Most companies in NYC aren’t leaving anytime soon, according to a new study by CoreNet Global. “More than 82% of the 67% tenant and landlord respondents are in the process of reopening parts of their global portfolios, while more than 95% are currently relying on social distancing measures, such as reorganized office plans, more extensive remote working and flex spaces.” While it is a good sign that companies are staying, it is still too early to see the real impact of COVID-19 had on New York. Companies also said they will be using new technology to help keep their offices safe while other say they will be giving their employees with PPE. In other parts of the world, companies are giving their employees more freedom in where they want to work. In Silicon Valley and the Bay Area, people are moving out of that area and into a more economical one. Three quarters of Facebook’s 40 percent of employees who are interested in permanent remote work, said they will most likely be moving to another city.
Despite the dark cloud over NYC’s office real estate, there have been some positive things happening. SL Green’s One Vanderbilt has raised its pre-opening tenancy from 65 percent to 70 percent; financial firm Oak Hill added to its original commitment and two small private-equity firms signed new leases. The grand opening of One Vanderbilt is supposed to be on September 14th or 15th, and by that time the new public plaza next to the building will be open. In the Seaport District, Pier 17 is reopened, and the new food hall located in Tin Building will open in 2021. Since the start of the Q3, AIG took 325k square feet at 271 Sixth Ave., and 220k square feet at 28 Liberty Street. IBM is on the lookout for space up to 100k square feet at various locations.
By the end of 2020, only a third of the city’s workforce will be back at work. Current occupancy levels are at 8 percent, 20 percent lower than expected. Companies are planning to bring back a little more than a quarter of their employees back by the end of the year and then by next summer, they hope to have more than half back in the office. The real estate sector has been on top of bringing their workers back; more than half are already back and 94 percent will be back by next summer. The tech industry has 74 percent employees expected back next summer with finance and insurance companies behind them.
Co-working companies are starting to close money-losing locations across the world. It is an effort to “slash costs at a time where the pandemic is reducing demand for office space, and perhaps for years to come.” It also shows how big these firms over expanded and became crippled with debt and expensive leases. In the first half of this year, these closures accounted for 1.5 percent of the space occupied by co-working spaces. People are saying the impact of these closings is modest as some were able to get rent relief and closing locations takes time. JLL is saying that about 4,500 co-working locations in the US (25 million square feet) will likely close or change operators. IWG PLC closed 32 locations and plans to close 100 more in the second half of this year. Knotel plans to close 20 percent of its portfolio as its revenue fell 20 percent in the second quarter. Efforts in closing locations has put tension between these firms and its respective landlords; property owners have sued Knotel, WeWork, and others over unpaid rent while IWG has used bankruptcy to exit lease obligations. IWG said “bankruptcy could allow the single-purpose entities to get out of long-term lease obligations in return for a one-time penalty.”
New York-based Steiner Studios has signed a deal to build a new film and television production facility in Brooklyn. This is the first expansion for the company beyond its 780,000 square foot Brooklyn Navy yard location where it has been since 2004. The new studio will be at Bus Terminal, a city-owned waterfront property in Sunset Park. The New York City Economic Development Corp. is redeveloping and rebranding the are as a dual media-production and garment-manufacturing campus called Made in New York. The lease is for 49 years with five 10-year extensions, and this deal represents $320 million in private investment. The city will undertake $15 million in infrastructure improvements and pre-development site work. Steiner Studio’s will have 525,000 square feet and will occupy the southern portion of the campus. It will build half of the facility from scratch, renovate the remaining buildings and build a 500-space parking structure. Construction on the second half of the campus has started but paused because of the pandemic. Officials hope to have it done by 2021.

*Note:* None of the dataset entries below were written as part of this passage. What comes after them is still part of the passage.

section \<open>The probability that a pattern occurs\<close>

lemma card_PiE_agree_le:
  assumes "finite D" "X \<subseteq> D" "finite A"
  shows "card {h \<in> PiE D (\<lambda>_. A). \<forall>x\<in>X. h x = g x} \<le> card A ^ (card D - card X)"
proof -
  let ?H = "{h \<in> PiE D (\<lambda>_. A). \<forall>x\<in>X. h x = g x}"
  have "inj_on (\<lambda>h. restrict h (D - X)) ?H"
  proof (rule inj_onI, rule ext)
    fix h h' x
    assume h: "h \<in> ?H" and h': "h' \<in> ?H" and eq: "restrict h (D - X) = restrict h' (D - X)"
    consider "x \<notin> D" | "x \<in> X" | "x \<in> D - X" by blast
    then show "h x = h' x"
    proof cases
      case 1
      then show ?thesis
        using PiE_arb[of h D "\<lambda>_. A" x] PiE_arb[of h' D "\<lambda>_. A" x] h h' by simp
    next
      case 2
      then show ?thesis using h h' by simp
    next
      case 3
      then show ?thesis using fun_cong[OF eq, of x] by simp
    qed
  qed
  moreover have "(\<lambda>h. restrict h (D - X)) ` ?H \<subseteq> PiE (D - X) (\<lambda>_. A)"
    by (auto simp: restrict_PiE_iff dest: PiE_mem)
  moreover have "finite (PiE (D - X) (\<lambda>_. A))"
    using assms by (intro finite_PiE) auto
  ultimately have "card ?H \<le> card (PiE (D - X) (\<lambda>_. A))"
    by (rule card_inj_on_le)
  also have "\<dots> = card A ^ card (D - X)"
    using assms(1) by (simp add: card_PiE)
  also have "card (D - X) = card D - card X"
    using assms(1,2) by (simp add: card_Diff_subset finite_subset)
  finally show ?thesis .
qed

lemma
  assumes "finite M" "finite J" "\<beta> \<in> patterns M L l J"
  shows pattern_jobs_subset: "fst ` (\<Union>q\<in>cells M L. \<beta> q) \<subseteq> J"
    and card_pattern_jobs: "card (fst ` (\<Union>q\<in>cells M L. \<beta> q)) = pattern_size (cells M L) \<beta>"
proof -
  let ?U = "\<Union>q\<in>cells M L. \<beta> q"
  have cell: "\<beta> q \<subseteq> steps_on J (snd q)" if "q \<in> cells M L" for q
    using assms(3) PiE_mem[of \<beta> "cells M L" "cell_patterns J l" q] that
    by (simp add: patterns_def cell_patterns_def)
  show "fst ` ?U \<subseteq> J"
  proof
    fix x assume "x \<in> fst ` ?U"
    then obtain q i where "q \<in> cells M L" "(x, i) \<in> \<beta> q" by force
    then have "(x, i) \<in> steps_on J (snd q)" using cell by blast
    then show "x \<in> J" by (simp add: steps_on_def)
  qed
  have disj: "jobs_disjoint (cells M L) \<beta>"
    using assms(3) by (simp add: patterns_def)
  have "inj_on fst ?U"
  proof (rule inj_onI)
    fix u v assume u: "u \<in> ?U" and v: "v \<in> ?U" and "fst u = fst v"
    from u obtain q1 where "q1 \<in> cells M L" "u \<in> \<beta> q1" by blast
    moreover from v obtain q2 where "q2 \<in> cells M L" "v \<in> \<beta> q2" by blast
    ultimately have "snd u = snd v"
      using disj \<open>fst u = fst v\<close> unfolding jobs_disjoint_def by (metis prod.collapse)
    with \<open>fst u = fst v\<close> show "u = v" by (simp add: prod_eq_iff)
  qed
  then have "card (fst ` ?U) = card ?U"
    by (rule card_image)
  also have "\<dots> = pattern_size (cells M L) \<beta>"
    unfolding pattern_size_def
  proof (rule card_UN_disjoint)
    show "finite (cells M L)" using assms(1) by (rule finite_cells)
    show "\<forall>q\<in>cells M L. finite (\<beta> q)"
      using cell finite_steps_on[OF assms(2)] finite_subset by blast
    show "\<forall>q1\<in>cells M L. \<forall>q2\<in>cells M L. q1 \<noteq> q2 \<longrightarrow> \<beta> q1 \<inter> \<beta> q2 = {}"
      using disj unfolding jobs_disjoint_def by fast
  qed
  finally show "card (fst ` ?U) = pattern_size (cells M L) \<beta>" .
qed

As membership falls in WeWork, SoftBank is putting in another $1.1 billion into the company. WeWork told its employee this was just “another sign of SoftBank’s continued support for our business.” The funding will bring WeWork’s cash on hand to $4.1 billion. Membership fell 12 percent from the first quarter to 612,000, and in second quarter revenue, the company earned $882 million down from $1.1 billion during the first three months of the year. WeWork also burned through $671 million in cash, including $116 million due to layoffs for severance pay. In New York, WeWork’s availability rate is more than 20 percent, and it shuttered its first location ever at 154 Grand Street.